Dinner was had at a restauraunt that I need to learn the name of... 600 yen for three huge peices of fried chiken with gravy, a slice of ham, two eggs, all of this on noodles and sprouts, and you get a mountain of rice, some miso, and pickled radishes. Man. Joe, Jesse, and Sean, a guy from the dorm who is also in my Negotiation class came with. The place is run by a nice couple, and maybe a son or daughter of theirs helps or some hired help... The husband came out and gave everyone in the place some odd candy to be nice, which was really cool. All of the locally run joints are really the best, the people there are so nice, generous, and try to be more intimate, which makes it more enjoyable for everyone and more profitable in the long run for them. Anyway, the treat was something like sweet bean-curd in cookie-dust that you pour a little bottle of syrup over. That's not at all what it actually was, but it's the best I can do to describe it.
The title of this entry is something along the lines of "I wonder what way to study is good...". At least I hope so. I say this because I'm having so much trouble lately motivating myself to memorize a new batch of words after barely commiting the old ones, and the new mess of kanji just looks painful.
However, I just dived into reading more of the detective manga, 名探偵コナン and I'm having so much fun reading it. Every sentence understood is a little victory and it fills me with excitement and joy understanding it, even more so when I come upon a new word, look it up, and see it later and understand it immediately... I read at a very slow rate though, although using this computer as a dictionary makes it quicker; a paper dictionary would take longer... But due to my reading speed, I spend more time thinking about what is being said, paying more attention to the character's emotions and thoughts, and the artistic style being used too. All of this makes me appreciate the manga more I think, and I doubt I would feel the same way if I was flying through this in English.

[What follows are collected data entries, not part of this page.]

lemma dominated_by_pushforward_PiM_insert:
  fixes M :: "'i \<Rightarrow> 'a measure"
  assumes J: "finite J" "i \<notin> J" and sf: "\<And>j. sigma_finite_measure (M j)"
    and dom: "\<And>j. j \<in> insert i J \<Longrightarrow> dominated_by_pushforward (M j) (T j) (C j)"
    and dom_J: "dominated_by_pushforward (PiM J M) (\<lambda>x. \<lambda>j\<in>J. T j (x j)) C_J"
  shows "dominated_by_pushforward (PiM (insert i J) M) (\<lambda>x. \<lambda>j\<in>insert i J. T j (x j)) (C i * C_J)"
proof -
  interpret product_sigma_finite M by (simp add: product_sigma_finite_def sf)
  let ?S = "\<lambda>x. \<lambda>j\<in>insert i J. T j (x j)" and ?SJ = "\<lambda>x. \<lambda>j\<in>J. T j (x j)"
  have dom_i: "dominated_by_pushforward (M i) (T i) (C i)" using dom by simp
  then have [measurable]: "T i \<in> M i \<rightarrow>\<^sub>M M i" by (simp add: dominated_by_pushforward_def)
  have S[measurable]: "?S \<in> PiM (insert i J) M \<rightarrow>\<^sub>M PiM (insert i J) M"
    using dom by (intro measurable_restrict_componentwise) (simp add: dominated_by_pushforward_def)
  have upd: "(\<lambda>p. (fst p)(i := snd p)) \<in> PiM J M \<Otimes>\<^sub>M M i \<rightarrow>\<^sub>M PiM (insert i J) M"
    by (rule measurable_fun_upd[where J=J]) auto
  have "integral\<^sup>N (PiM (insert i J) M) f \<le> C i * C_J * (\<integral>\<^sup>+x. f (?S x) \<partial>PiM (insert i J) M)"
    if f[measurable]: "f \<in> borel_measurable (PiM (insert i J) M)" for f
  proof -
    have [measurable]: "(\<lambda>(x, y). f (x(i := y))) \<in> borel_measurable (PiM J M \<Otimes>\<^sub>M M i)"
      using measurable_comp[OF upd f] by (simp add: comp_def case_prod_beta')
    define g where "g x = (\<integral>\<^sup>+y. f (x(i := T i y)) \<partial>M i)" for x
    have g: "g \<in> borel_measurable (PiM J M)"
      unfolding g_def by measurable
    have "integral\<^sup>N (PiM (insert i J) M) f = (\<integral>\<^sup>+x. (\<integral>\<^sup>+y. f (x(i := y)) \<partial>M i) \<partial>PiM J M)"
      by (rule product_nn_integral_insert) (use J in auto)
    also have "\<dots> \<le> (\<integral>\<^sup>+x. C i * g x \<partial>PiM J M)"
    proof (rule nn_integral_mono)
      fix x assume x: "x \<in> space (PiM J M)"
      have "(\<lambda>y. f (x(i := y))) \<in> borel_measurable (M i)"
        using measurable_comp[OF measurable_component_update[OF x J(2)] f] by (simp add: comp_def)
      then show "(\<integral>\<^sup>+y. f (x(i := y)) \<partial>M i) \<le> C i * g x"
        using dom_i unfolding dominated_by_pushforward_def g_def by blast
    qed
    also have "\<dots> = C i * (\<integral>\<^sup>+x. g x \<partial>PiM J M)"
      by (rule nn_integral_cmult) (rule g)
    also have "\<dots> \<le> C i * (C_J * (\<integral>\<^sup>+x. g (?SJ x) \<partial>PiM J M))"
      using dom_J g unfolding dominated_by_pushforward_def by (intro mult_left_mono) auto
    also have "(\<integral>\<^sup>+x. g (?SJ x) \<partial>PiM J M) = (\<integral>\<^sup>+x. (\<integral>\<^sup>+y. f (?S (x(i := y))) \<partial>M i) \<partial>PiM J M)"
    proof -
      have "(?SJ x)(i := T i y) = ?S (x(i := y))" for x y
        using J(2) by (auto simp: fun_eq_iff restrict_def)
      then show ?thesis unfolding g_def by simp
    qed
    also have "\<dots> = (\<integral>\<^sup>+x. f (?S x) \<partial>PiM (insert i J) M)"
      by (rule product_nn_integral_insert[symmetric]) (use J in auto)
    finally show ?thesis by (simp add: mult.assoc)
  qed
  then show ?thesis using S unfolding dominated_by_pushforward_def by blast
qed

I've tried it before and I could never get into a manga and it would be over so soon.
Maybe this will change my outlook on manga for good. I'm surprised that I was excited at the thought of picking it up and reading it tonight, and spent a good two hours or so when I maybe should've been working on vocab. It'll take me hours to get through just one book, or volume I suppose. So the 250 yen spent on one of these goes a long way... I'm conflicted between reading them through because I'm so into the story and characters or if I should try and master the words in it to read more smoothly... We'll see how long I last before moving on, haha.
Tomorrow I'm going to plan a bit for Osaka, but I'm considering just winging it and I might just plan only how to get there by train and do whatever once I'm there. I can ask people what direction to walk in, and maybe a bus with have some familiar kanji, we'll see. It'll be an adventure no matter what.